Doctor Gul Dolen defines synapse-opathies as disease where the synapse is the part of the brain that is disrupted. Fragile X and autism are examples.

A synapse-opathy is a disease where the synapse is the part of the brain that is disrupted. Synapses are the place where neurons communicate with one another. They are microscopic junctions where neurotransmitters are released from one neuron’s axon and the post-synaptic neuron’s dendrites have these small protrusions called synaptic spines, and they are the receiving half of the synapse. Those synapses have receptors, and those receptors receive and transmit the chemical signals, the neurotransmitters. Those synapses are thought to be the unit of mass signal across neurons. So a synapse-opathy is a disease that affects those synapses, and we’ve defined Fragile X and autism as synapse-opathies because we’ve known for a number of years that patients with mental retardation and autism have disruptions in those dendritic spines and so they look different, there are more of them, in some cases there are less of them, in some cases they are longer and skinnier, in some cases they are shorter and fatter.

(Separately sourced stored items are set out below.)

text \<open>By the symmetry of the joint envelope density both ports contribute the same integral
  \<open>J = \<integral>\<^sub>0\<^sup>x p(x, y) dy\<close>, and the derivative factor is the first moment of a half-normal
  density, so the level crossing rate is \<open>\<surd>(2\<pi>) \<sigma> f\<^sub>D J\<close>. Expanding \<open>I\<^sub>0\<close> into its power
  series, the integrand of \<open>J\<close> becomes a series of odd powers of \<open>y\<close> times a Gaussian, dominated
  on \<open>[0, x]\<close>, so it can be integrated term by term; the substitution
  \<open>t = y\<^sup>2 / (\<sigma>\<^sup>2 (1 - \<mu>\<^sup>2))\<close> turns the \<open>k\<close>-th term into \<open>\<gamma>(k + 1, x\<^sup>2 / (\<sigma>\<^sup>2 (1 - \<mu>\<^sup>2)))\<close>.\<close>

lemma sums_integral_suminf:
  fixes f :: "nat \<Rightarrow> 'a::ordered_euclidean_space \<Rightarrow> 'b::banach"
  assumes cont: "\<And>k. continuous_on {a..b} (f k)"
    and bound: "\<And>k y. y \<in> {a..b} \<Longrightarrow> norm (f k y) \<le> M k"
    and summable: "summable M"
  shows "(\<lambda>k. integral {a..b} (f k)) sums integral {a..b} (\<lambda>y. \<Sum>k. f k y)"
proof -
  have "uniform_limit {a..b} (\<lambda>n y. \<Sum>k<n. f k y) (\<lambda>y. \<Sum>k. f k y) sequentially"
    by (rule Weierstrass_m_test) (use bound summable in auto)
  moreover have "continuous_on {a..b} (\<lambda>y. \<Sum>k<n. f k y)" for n
    by (intro continuous_intros cont)
  ultimately obtain I J
    where I: "\<And>n. ((\<lambda>y. \<Sum>k<n. f k y) has_integral I n) {a..b}"
      and J: "((\<lambda>y. \<Sum>k. f k y) has_integral J) {a..b}" and "I \<longlonglongrightarrow> J"
    by (rule uniform_limit_integral) auto
  moreover have "I = (\<lambda>n. \<Sum>k<n. integral {a..b} (f k))"
  proof
    fix n
    have "I n = integral {a..b} (\<lambda>y. \<Sum>k<n. f k y)"
      by (simp add: integral_unique[OF I])
    also have "\<dots> = (\<Sum>k<n. integral {a..b} (f k))"
      by (rule integral_sum) (auto intro: integrable_continuous_interval cont)
    finally show "I n = (\<Sum>k<n. integral {a..b} (f k))" .
  qed
  ultimately show ?thesis
    using J by (simp add: sums_def integral_unique)
qed

lemma half_normal_moment_1:
  fixes s :: real
  assumes s: "s > 0"
  shows "((\<lambda>x. x * normal_density 0 s x) has_integral s / sqrt (2 * pi)) {0..}"
proof -
  let ?F = "\<lambda>x. - s\<^sup>2 * normal_density 0 s x"
  have density: "normal_density 0 s x = exp (- x\<^sup>2 / (2 * s\<^sup>2)) / sqrt (2 * pi * s\<^sup>2)" for x
    by (simp add: normal_density_def)
  have deriv: "DERIV ?F x :> x * normal_density 0 s x" for x
    unfolding density using s
    by (auto intro!: derivative_eq_intros simp: field_simps power2_eq_square)
  have lim: "(?F \<longlongrightarrow> 0) at_top"
    unfolding density using s by real_asymp
  have "(\<integral>\<^sup>+x. ennreal (if x \<in> {0..} then x * normal_density 0 s x else 0) \<partial>lborel)
      = (\<integral>\<^sup>+x. ennreal (x * normal_density 0 s x) * indicator {0..} x \<partial>lborel)"
    by (intro nn_integral_cong) (simp split: split_indicator)
  also have "\<dots> = ennreal (0 - ?F 0)"
    using deriv lim by (intro nn_integral_FTC_atLeast) auto
  also have "0 - ?F 0 = s / sqrt (2 * pi)"
    using s by (simp add: density real_sqrt_mult field_simps power2_eq_square)
  finally have "((\<lambda>x. if x \<in> {0..} then x * normal_density 0 s x else 0)
      has_integral s / sqrt (2 * pi)) UNIV"
    by (intro nn_integral_has_integral) (use s in auto)
  then show ?thesis
    by (simp only: has_integral_restrict_UNIV)
qed

lemma lower_inc_gamma_of_nat:
  "lower_inc_gamma (real k + 1) u = integral {0..u} (\<lambda>t. t ^ k * exp (- t))"
  unfolding lower_inc_gamma_def
proof (rule integral_spike[of "{0}"])
  show "t ^ k * exp (- t) = t powr (real k + 1 - 1) * exp (- t)" if "t \<in> {0..u} - {0}" for t
    using that by (auto simp: powr_realpow)
qed simp

lemma has_integral_odd_power_times_gaussian:
  fixes a x :: real
  assumes a: "a > 0" and x: "x \<ge> 0"
  shows "((\<lambda>y. y ^ (2 * k + 1) * exp (- y\<^sup>2 / a))
           has_integral a ^ (k + 1) / 2 * lower_inc_gamma (real k + 1) (x\<^sup>2 / a)) {0..x}"
proof -
  let ?f = "\<lambda>t::real. t ^ k * exp (- t)"
  have "((\<lambda>y. (2 * y / a) *\<^sub>R ?f (y\<^sup>2 / a)) has_integral integral {0\<^sup>2 / a..x\<^sup>2 / a} ?f) {0..x}"
  proof (rule has_integral_substitution)
    show "(\<lambda>y. y\<^sup>2 / a) ` {0..x} \<subseteq> {0..x\<^sup>2 / a}"
      using a by (auto intro!: divide_right_mono power_mono)
    show "((\<lambda>y. y\<^sup>2 / a) has_field_derivative 2 * y / a) (at y within {0..x})" for y
      using a by (auto intro!: derivative_eq_intros)
  qed (use a x in \<open>auto intro!: continuous_intros\<close>)
  then have "((\<lambda>y. a ^ (k + 1) / 2 * ((2 * y / a) *\<^sub>R ?f (y\<^sup>2 / a)))
      has_integral a ^ (k + 1) / 2 * lower_inc_gamma (real k + 1) (x\<^sup>2 / a)) {0..x}"
    by (intro has_integral_mult_right) (simp add: lower_inc_gamma_of_nat)
  moreover have "a ^ (k + 1) / 2 * ((2 * y / a) *\<^sub>R ?f (y\<^sup>2 / a)) = y ^ (2 * k + 1) * exp (- y\<^sup>2 / a)"
    for y
    using a by (simp add: power_divide power_mult field_simps power2_eq_square)
  ultimately show ?thesis
    by simp
qed

lemma sums_integral_odd_power_series_times_gaussian:
  fixes a x :: real and c :: "nat \<Rightarrow> real"
  assumes a: "a > 0" and x: "x \<ge> 0" and summable: "summable (\<lambda>k. \<bar>c k\<bar> * x ^ (2 * k + 1))"
  shows "(\<lambda>k. c k * (a ^ (k + 1) / 2 * lower_inc_gamma (real k + 1) (x\<^sup>2 / a)))
           sums integral {0..x} (\<lambda>y. \<Sum>k. c k * (y ^ (2 * k + 1) * exp (- y\<^sup>2 / a)))"
proof -
  have "(\<lambda>k. integral {0..x} (\<lambda>y. c k * (y ^ (2 * k + 1) * exp (- y\<^sup>2 / a))))
      sums integral {0..x} (\<lambda>y. \<Sum>k. c k * (y ^ (2 * k + 1) * exp (- y\<^sup>2 / a)))"
  proof (rule sums_integral_suminf[OF _ _ summable])
    show "norm (c k * (y ^ (2 * k + 1) * exp (- y\<^sup>2 / a))) \<le> \<bar>c k\<bar> * x ^ (2 * k + 1)"
      if y: "y \<in> {0..x}" for k y
    proof -
      have "y ^ (2 * k + 1) * exp (- y\<^sup>2 / a) \<le> x ^ (2 * k + 1) * 1"
        using y a by (intro mult_mono power_mono) auto
      then show ?thesis
        using y by (simp add: abs_mult mult_left_mono)
    qed
  qed (use a in \<open>auto intro!: continuous_intros\<close>)
  moreover have "integral {0..x} (\<lambda>y. c k * (y ^ (2 * k + 1) * exp (- y\<^sup>2 / a)))
      = c k * (a ^ (k + 1) / 2 * lower_inc_gamma (real k + 1) (x\<^sup>2 / a))" for k
    using has_integral_odd_power_times_gaussian[OF a x, of k] by (simp add: integral_unique)
  ultimately show ?thesis
    by (simp only:)
qed

lemma summable_power_div_fact_squared: "summable (\<lambda>k. w ^ k / (fact k)\<^sup>2 :: real)"
proof (rule summable_comparison_test)
  show "summable (\<lambda>k. \<bar>w\<bar> ^ k / fact k)"
    using summable_exp[of "\<bar>w\<bar>"] by (simp add: field_simps)
  have "\<bar>w\<bar> ^ k / (fact k * fact k) \<le> \<bar>w\<bar> ^ k / fact k" for k
    by (intro divide_left_mono) (auto simp: mult_le_cancel_left1)
  then show "\<exists>N. \<forall>k\<ge>N. norm (w ^ k / (fact k)\<^sup>2) \<le> \<bar>w\<bar> ^ k / fact k"
    by (simp add: power_abs power2_eq_square)
qed

lemma bessel_I0_sums: "(\<lambda>k. (z / 2) ^ (2 * k) / (fact k)\<^sup>2) sums bessel_I0 z"
  unfolding bessel_I0_def power_mult
  by (rule summable_sums) (rule summable_power_div_fact_squared)

lemma power_divide_even_times_power:
  fixes a z :: real
  assumes "a \<noteq> 0"
  shows "(z / a) ^ (2 * k) * a ^ (k + 1) = z ^ (2 * k) / a powi (int k - 1)"
  using assms by (simp add: power_int_diff power_mult power_divide power_add field_simps power2_eq_square)

lemma fas_joint_pdf_commute: "fas_joint_pdf \<sigma> \<mu> x y = fas_joint_pdf \<sigma> \<mu> y x"
  unfolding fas_joint_pdf_def by (simp add: ac_simps)

lemma fas_joint_pdf_sums:
  fixes \<sigma> \<mu> x y :: real
  assumes x: "x \<ge> 0" and y: "y \<ge> 0"
  defines "a \<equiv> \<sigma>\<^sup>2 * (1 - \<mu>\<^sup>2)"
  shows "(\<lambda>k. 4 * x / (\<sigma> ^ 4 * (1 - \<mu>\<^sup>2)) * exp (- x\<^sup>2 / a) * ((\<mu> * x / a) ^ (2 * k) / (fact k)\<^sup>2)
           * (y ^ (2 * k + 1) * exp (- y\<^sup>2 / a))) sums fas_joint_pdf \<sigma> \<mu> x y"
proof -
  let ?P = "4 * x * y / (\<sigma> ^ 4 * (1 - \<mu>\<^sup>2)) * exp (- (x\<^sup>2 + y\<^sup>2) / a)"
  have "(\<lambda>k. ?P * ((\<mu> * x * y / a) ^ (2 * k) / (fact k)\<^sup>2)) sums (?P * bessel_I0 (2 * \<mu> * x * y / a))"
    using bessel_I0_sums[of "2 * \<mu> * x * y / a"] by (intro sums_mult) (simp add: mult.assoc)
  moreover have "fas_joint_pdf \<sigma> \<mu> x y = ?P * bessel_I0 (2 * \<mu> * x * y / a)"
    using x y unfolding fas_joint_pdf_def a_def by simp
  moreover have "exp (- (x\<^sup>2 + y\<^sup>2) / a) = exp (- x\<^sup>2 / a) * exp (- y\<^sup>2 / a)"
    by (simp add: exp_add[symmetric] add_divide_distrib diff_divide_distrib)
  ultimately show ?thesis
    by (simp add: power_mult_distrib power_divide power_add field_simps)
qed

lemma fas_marginal_integral:
  fixes \<sigma> \<mu> x :: real
  assumes \<sigma>: "\<sigma> > 0" and \<mu>: "\<bar>\<mu>\<bar> < 1" and x: "x > 0"
  defines "a \<equiv> \<sigma>\<^sup>2 * (1 - \<mu>\<^sup>2)"
  shows "integral {0..x} (\<lambda>y. fas_joint_pdf \<sigma> \<mu> x y) =
    2 * x / (\<sigma> ^ 4 * (1 - \<mu>\<^sup>2)) * exp (- x\<^sup>2 / a)
    * (\<Sum>k. (\<mu> * x) ^ (2 * k) / ((fact k)\<^sup>2 * a powi (int k - 1))
            * lower_inc_gamma (real k + 1) (x\<^sup>2 / a))"
proof -
  have a: "a > 0"
    unfolding a_def using \<sigma> \<mu> by (simp add: abs_square_less_1)
  define C where "C = 4 * x / (\<sigma> ^ 4 * (1 - \<mu>\<^sup>2)) * exp (- x\<^sup>2 / a)"
  define c where "c k = C * ((\<mu> * x / a) ^ (2 * k) / (fact k)\<^sup>2)" for k
  define t where "t k = (\<mu> * x) ^ (2 * k) / ((fact k)\<^sup>2 * a powi (int k - 1))
    * lower_inc_gamma (real k + 1) (x\<^sup>2 / a)" for k
  have C: "C > 0"
    unfolding C_def using \<sigma> \<mu> x by (simp add: abs_square_less_1)
  have "summable (\<lambda>k. C * x * (((\<mu> * x / a)\<^sup>2 * x\<^sup>2) ^ k / (fact k)\<^sup>2))"
    by (intro summable_mult summable_power_div_fact_squared)
  moreover have "\<bar>c k\<bar> = c k" for k
    using C by (simp add: c_def power_mult)
  ultimately have "summable (\<lambda>k. \<bar>c k\<bar> * x ^ (2 * k + 1))"
    by (simp add: c_def power_mult_distrib power_mult[symmetric] power_add mult_ac)
  then have "(\<lambda>k. c k * (a ^ (k + 1) / 2 * lower_inc_gamma (real k + 1) (x\<^sup>2 / a)))
      sums integral {0..x} (\<lambda>y. \<Sum>k. c k * (y ^ (2 * k + 1) * exp (- y\<^sup>2 / a)))"
    using a x by (intro sums_integral_odd_power_series_times_gaussian) auto
  moreover have "integral {0..x} (\<lambda>y. fas_joint_pdf \<sigma> \<mu> x y)
      = integral {0..x} (\<lambda>y. \<Sum>k. c k * (y ^ (2 * k + 1) * exp (- y\<^sup>2 / a)))"
    using fas_joint_pdf_sums[of x _ \<sigma> \<mu>] x
    by (intro integral_cong) (simp add: sums_iff C_def c_def a_def mult.assoc)
  moreover have "c k * (a ^ (k + 1) / 2 * lower_inc_gamma (real k + 1) (x\<^sup>2 / a)) = C / 2 * t k" for k
  proof -
    have "c k * (a ^ (k + 1) / 2 * lower_inc_gamma (real k + 1) (x\<^sup>2 / a))
        = C / 2 * ((\<mu> * x / a) ^ (2 * k) * a ^ (k + 1) / (fact k)\<^sup>2 * lower_inc_gamma (real k + 1) (x\<^sup>2 / a))"
      by (simp add: c_def)
    also have "\<dots> = C / 2 * t k"
      using a by (subst power_divide_even_times_power) (simp_all add: t_def)
    finally show ?thesis .
  qed
  ultimately have "(\<lambda>k. C / 2 * t k) sums integral {0..x} (\<lambda>y. fas_joint_pdf \<sigma> \<mu> x y)"
    by simp
  then have "(\<lambda>k. 2 / C * (C / 2 * t k)) sums (2 / C * integral {0..x} (\<lambda>y. fas_joint_pdf \<sigma> \<mu> x y))"
    by (rule sums_mult)
  then have "integral {0..x} (\<lambda>y. fas_joint_pdf \<sigma> \<mu> x y) = C / 2 * (\<Sum>k. t k)"
    using C by (simp add: sums_iff)
  then show ?thesis
    by (simp add: C_def t_def)
qed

In fact we think that plasticity of those synapses is what’s accounting for Fragile X and autism and that it serves as a way to think about the diseases rather than, for example, Parkinson’s disease. We think of it as primarily a disease of the dopamine neurons in a very specific part of the brain, whereas autism seems to affect the whole brain. There isn’t one specific brain region that is by itself involved. But synapses exist across the whole brain and so if the unit of disruption is the synapse, we call it a synapse-opathy.